When you leave office what do you think the Republican Party looks like?

And then the media, and then the media says, “Why aren’t you going faster?” Well, I left there three months ago. And these other presidents have been negotiating 30 years on this stuff. And more. But 30 years on the dangerous things, on the things of danger, to put it nicer. So, I’ve done North Korea, and that’s moving along very nicely. The only thing they can say is, ‘Oh, why isn’t it moving faster?’ It’s been three months, Brian. Three months. Why isn’t it moving faster? That’s the only thing they can say. Or they say something else: ‘He met.’ I met. Obama paid 1.8 billion and he gave 150 billion. With me they say, ‘He met.’ That was like, you know, this major concession. That’s not a concession. I met. I’m glad I met. By meeting, we now have a civil relationship and even a good relationship. So that’s just two of many things. I’ll give you and example: Idlib. I met with a person at a big rally in Ohio. It was a person backstage where various people were saying hello. And a woman came up. She was Syrian. She said, ‘Sir,’ — this is five weeks ago – she said, ‘Sir, my sister lives in Idlib province and sir she is going to be killed. Russia, Iran and Syria are surrounding it and they are going in and they are going to kill the 3 million people or a million people but tremendous amounts of people. They’re going to kill my sister and they’re going to kill my family.’ And I said, ‘That won’t happen.’ But I wasn’t that aware of it. I got back and I read an article in, of all places, the New York Times, the failing New York Times, and I read an article about Idlib being surrounded by Russian troops with Iranians and with Syrians. And they were in fact going to go in. Take a look at the tweet I put out at that time.

… Guess what, they didn’t do it.
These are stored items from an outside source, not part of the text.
(* For every $n\ge1$ and $k\ge0$, the following identity holds in $\mathbb C[x_1,\dots,x_n]$: $z_{2k}=-\sum_{i=1}^{k}\sigma_{2i}\,z_{2k-2i}+\sigma_{2k+1}$, where $\sigma_p=\sum_{i_1<\dots<i_p}x_{i_1}\cdots x_{i_p}$ is the $p$-th elementary symmetric polynomial ($\sigma_p=0$ for $p>n$).
   Context: $U(\mathfrak h_n)$ is the associative superalgebra generated by odd elements $\xi_1,\dots,\xi_n$ with $\xi_i\xi_j+\xi_j\xi_i=0$ for $i\neq j$; $x_i=\xi_i^2$ are central. Let $T$ be the $\mathbb C[x_1,\dots,x_n]$-linear endomorphism of the free $\mathbb C[x_1,\dots,x_n]$-module with basis $\xi_1,\dots,\xi_n$ given by $T(\xi_j)=\sum_i t_{ij}\xi_i$ with $t_{ii}=0$, $t_{ij}=x_j$ for $i<j$, $t_{ij}=-x_j$ for $i>j$. Put $\phi_0=\sum_i\xi_i$, $\phi_k=T^k(\phi_0)$, and for $k\ge0$ let $z_{2k}=\frac12(\phi_0\phi_{2k}+\phi_{2k}\phi_0)$, which lies in $\mathbb C[x_1,\dots,x_n]$. *)

theory Defs
  imports Complex_Main "HOL-Library.Poly_Mapping"
begin

text \<open>C[x_1,...,x_n] (indeed C[x_1,x_2,...]) as finitely supported functions from
  monomials (exponent vectors nat =>0 nat) to complex coefficients; this is a comm_ring_1
  with convolution product.\<close>
type_synonym mpoly = "(nat \<Rightarrow>\<^sub>0 nat) \<Rightarrow>\<^sub>0 complex"

definition Xv :: "nat \<Rightarrow> mpoly" where
  "Xv i = Poly_Mapping.single (Poly_Mapping.single i 1) 1"

definition esym :: "nat \<Rightarrow> nat \<Rightarrow> mpoly" where
  "esym n p = (\<Sum>S\<in>{S. S \<subseteq> {1..n} \<and> card S = p}. \<Prod>i\<in>S. Xv i)"

text \<open>Elements of the free C[x]-module with basis xi_1..xi_n, as coefficient functions
  on the index set {1..n}.\<close>
type_synonym modvec = "nat \<Rightarrow> mpoly"

definition tcoef :: "nat \<Rightarrow> nat \<Rightarrow> mpoly" where
  "tcoef i j = (if i < j then Xv j else if j < i then - Xv j else 0)"

text \<open>T(xi_j) = sum_i t_ij xi_i, extended C[x]-linearly: coefficient of xi_i in T v.\<close>
definition Tmap :: "nat \<Rightarrow> modvec \<Rightarrow> modvec" where
  "Tmap n v = (\<lambda>i. if i \<in> {1..n} then (\<Sum>j=1..n. tcoef i j * v j) else 0)"

definition phi0 :: "nat \<Rightarrow> modvec" where
  "phi0 n = (\<lambda>i. if i \<in> {1..n} then 1 else 0)"

definition phi :: "nat \<Rightarrow> nat \<Rightarrow> modvec" where
  "phi n k = (Tmap n ^^ k) (phi0 n)"

text \<open>For u = sum_i a_i xi_i and v = sum_i b_i xi_i in U(h_n), the defining relations
  (xi_i xi_j + xi_j xi_i = 0 for i ~= j, xi_i^2 = x_i central) give
  (1/2)(u v + v u) = sum_i a_i b_i x_i.\<close>
definition half_anticomm :: "nat \<Rightarrow> modvec \<Rightarrow> modvec \<Rightarrow> mpoly" where
  "half_anticomm n u v = (\<Sum>i=1..n. u i * v i * Xv i)"

definition zz :: "nat \<Rightarrow> nat \<Rightarrow> mpoly" where
  "zz n m = half_anticomm n (phi n 0) (phi n m)"

end

theory Submission
  imports Defs "HOL-Computational_Algebra.Polynomial"
begin

text \<open>Put y_j = x_j t and W_i = prod_{j<i} (1 - y_j) prod_{j>i} (1 + y_j). Since
  W_i (1 - y_i) = W_{i+1} (1 + y_{i+1}), the vector W - T_y W is constant, where T_y is T with
  x replaced by y. Comparing its entries at i = 1 and i = n shows that this constant is the even
  part of prod_j (1 + y_j), and that sum_j y_j W_j is the odd part. Taking coefficients of t^d,
  the coefficient vectors u_d of W satisfy u_{d+1} = T u_d + [d+1 even] sigma_{d+1} phi_0, hence
  u_d = sum_l [l even] sigma_l phi_{d-l}; pairing u_{2k} with phi_0 gives
  sigma_{2k+1} = sum_i sigma_{2i} z_{2k-2i}.\<close>

definition mixed_prod :: "(nat \<Rightarrow> 'a::comm_ring_1) \<Rightarrow> nat \<Rightarrow> nat \<Rightarrow> 'a" where
  "mixed_prod y n i = (\<Prod>j\<in>{1..<i}. 1 - y j) * (\<Prod>j\<in>{i<..n}. 1 + y j)"

definition skew_apply :: "(nat \<Rightarrow> 'a::comm_ring_1) \<Rightarrow> nat \<Rightarrow> (nat \<Rightarrow> 'a) \<Rightarrow> nat \<Rightarrow> 'a" where
  "skew_apply y n v i = (\<Sum>j\<in>{i<..n}. y j * v j) - (\<Sum>j\<in>{1..<i}. y j * v j)"

definition mixed_residue :: "(nat \<Rightarrow> 'a::comm_ring_1) \<Rightarrow> nat \<Rightarrow> nat \<Rightarrow> 'a" where
  "mixed_residue y n i = mixed_prod y n i - skew_apply y n (mixed_prod y n) i"

lemma greaterThanAtMost_eq_insert_Suc: "i < n \<Longrightarrow> {i<..n} = insert (Suc i) {Suc i<..n}"
  by auto

lemma mixed_prod_Suc:
  assumes "1 \<le> i" "i < n"
  shows "mixed_prod y n i * (1 - y i) = mixed_prod y n (Suc i) * (1 + y (Suc i))"
  using assms
  by (simp add: mixed_prod_def prod.atLeastLessThan_Suc greaterThanAtMost_eq_insert_Suc
      algebra_simps)

lemma skew_apply_Suc:
  assumes "1 \<le> i" "i < n"
  shows "skew_apply y n v i = skew_apply y n v (Suc i) + y i * v i + y (Suc i) * v (Suc i)"
  using assms
  by (simp add: skew_apply_def sum.atLeastLessThan_Suc greaterThanAtMost_eq_insert_Suc
      algebra_simps)

lemma mixed_residue_Suc:
  assumes "1 \<le> i" "i < n"
  shows "mixed_residue y n (Suc i) = mixed_residue y n i"
  using mixed_prod_Suc[OF assms, of y] skew_apply_Suc[OF assms, of y "mixed_prod y n"]
  by (simp add: mixed_residue_def algebra_simps)

lemma mixed_residue_const:
  assumes "1 \<le> i" "i \<le> n"
  shows "mixed_residue y n i = mixed_residue y n 1"
  using assms
proof (induction i rule: dec_induct)
  case (step m)
  then show ?case using mixed_residue_Suc[of m n y] by simp
qed simp

lemma mixed_residue_first:
  assumes "1 \<le> n"
  shows "mixed_residue y n 1 = (\<Prod>j\<in>{1..n}. 1 + y j) - (\<Sum>j\<in>{1..n}. y j * mixed_prod y n j)"
proof -
  have split: "{1..n} = insert 1 {1<..n}" using assms by auto
  show ?thesis
    unfolding mixed_residue_def skew_apply_def split
    by (simp add: mixed_prod_def algebra_simps)
qed

lemma mixed_residue_last:
  assumes "1 \<le> n"
  shows "mixed_residue y n n = (\<Prod>j\<in>{1..n}. 1 - y j) + (\<Sum>j\<in>{1..n}. y j * mixed_prod y n j)"
proof -
  have split: "{1..n} = insert n {1..<n}" using assms by auto
  show ?thesis
    unfolding mixed_residue_def skew_apply_def split
    by (simp add: mixed_prod_def algebra_simps)
qed

lemma mixed_residue_double:
  assumes "1 \<le> n"
  shows "mixed_residue y n 1 + mixed_residue y n 1
    = (\<Prod>j\<in>{1..n}. 1 + y j) + (\<Prod>j\<in>{1..n}. 1 - y j)"
  using mixed_residue_first[OF assms, of y] mixed_residue_last[OF assms, of y]
    mixed_residue_const[of n n y] assms
  by (simp add: algebra_simps)

lemma sum_mixed_prod_double:
  assumes "1 \<le> n"
  shows "(\<Sum>j\<in>{1..n}. y j * mixed_prod y n j) + (\<Sum>j\<in>{1..n}. y j * mixed_prod y n j)
    = (\<Prod>j\<in>{1..n}. 1 + y j) - (\<Prod>j\<in>{1..n}. 1 - y j)"
  using mixed_residue_first[OF assms, of y] mixed_residue_last[OF assms, of y]
    mixed_residue_const[of n n y] assms
  by (simp add: algebra_simps)

lemma prod_monom_1:
  "finite S \<Longrightarrow> (\<Prod>j\<in>S. monom (a j) 1) = monom (\<Prod>j\<in>S. a j) (card S)"
  by (induction S rule: finite_induct) (simp_all add: mult_monom)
They’re still talking. I said just you got to be surgical. You can’t blow up every building and kill millions of people to get 35,000 terrorists. And look what happened, Brian. They didn’t do it. I said, ‘You better not do it.’ And I’m not saying they shouldn’t get the terrorists, I’m saying you can’t kill 3 million people in order to get, or a million people, in order to get 35,000 terrorists. You can’t do it. So, you know, that happened. I was the one that got it stopped. And then Turkey also got involved after I stopped it. I stopped it. They were going to go in the next day. And they stopped. Totally. Cold. Now they have the town surrounded and they’re doing much more surgical work. And that’s the way it should be done if you want to get the terrorists. You can’t kill millions of people. You just can’t do it. It’s unacceptable. So what I’ve done, nobody’s done what I’ve done. Nobody.

I say it myself because the media will never say it. But the people get it. The people understand it. And in a way it shocks me ’cause I always gave too much credit to the media. Because in theory, based on media, I shouldn’t have gotten 306 electoral college votes. I shouldn’t have got it. Because it’s really staged for the Democrats to win. But the people get it. It’s really amazing to see. It’s really a beautiful thing to see. And one of the advantages I have — like I’m going to a rally right now, you know, I would have canceled it because of the hurricane but there are thousands of people lined up yesterday to get to a rally that takes place at 7 o’clock tonight in Pennsylvania — but one of the assets I have is I’m able to speak to people in tremendous numbers. We have thousands of people lined up outside right now trying to get in. But I’m able to speak to them and often times it’s on live television, you understand. So I’m able to get my word out. I wish I could speak to you more often. I think I would have gotten — instead of having 90 percent bad TIME covers, I would have had 60 percent good TIME covers.

Let’s talk more often. I think we should.

It’s always an honor to be in your magazine.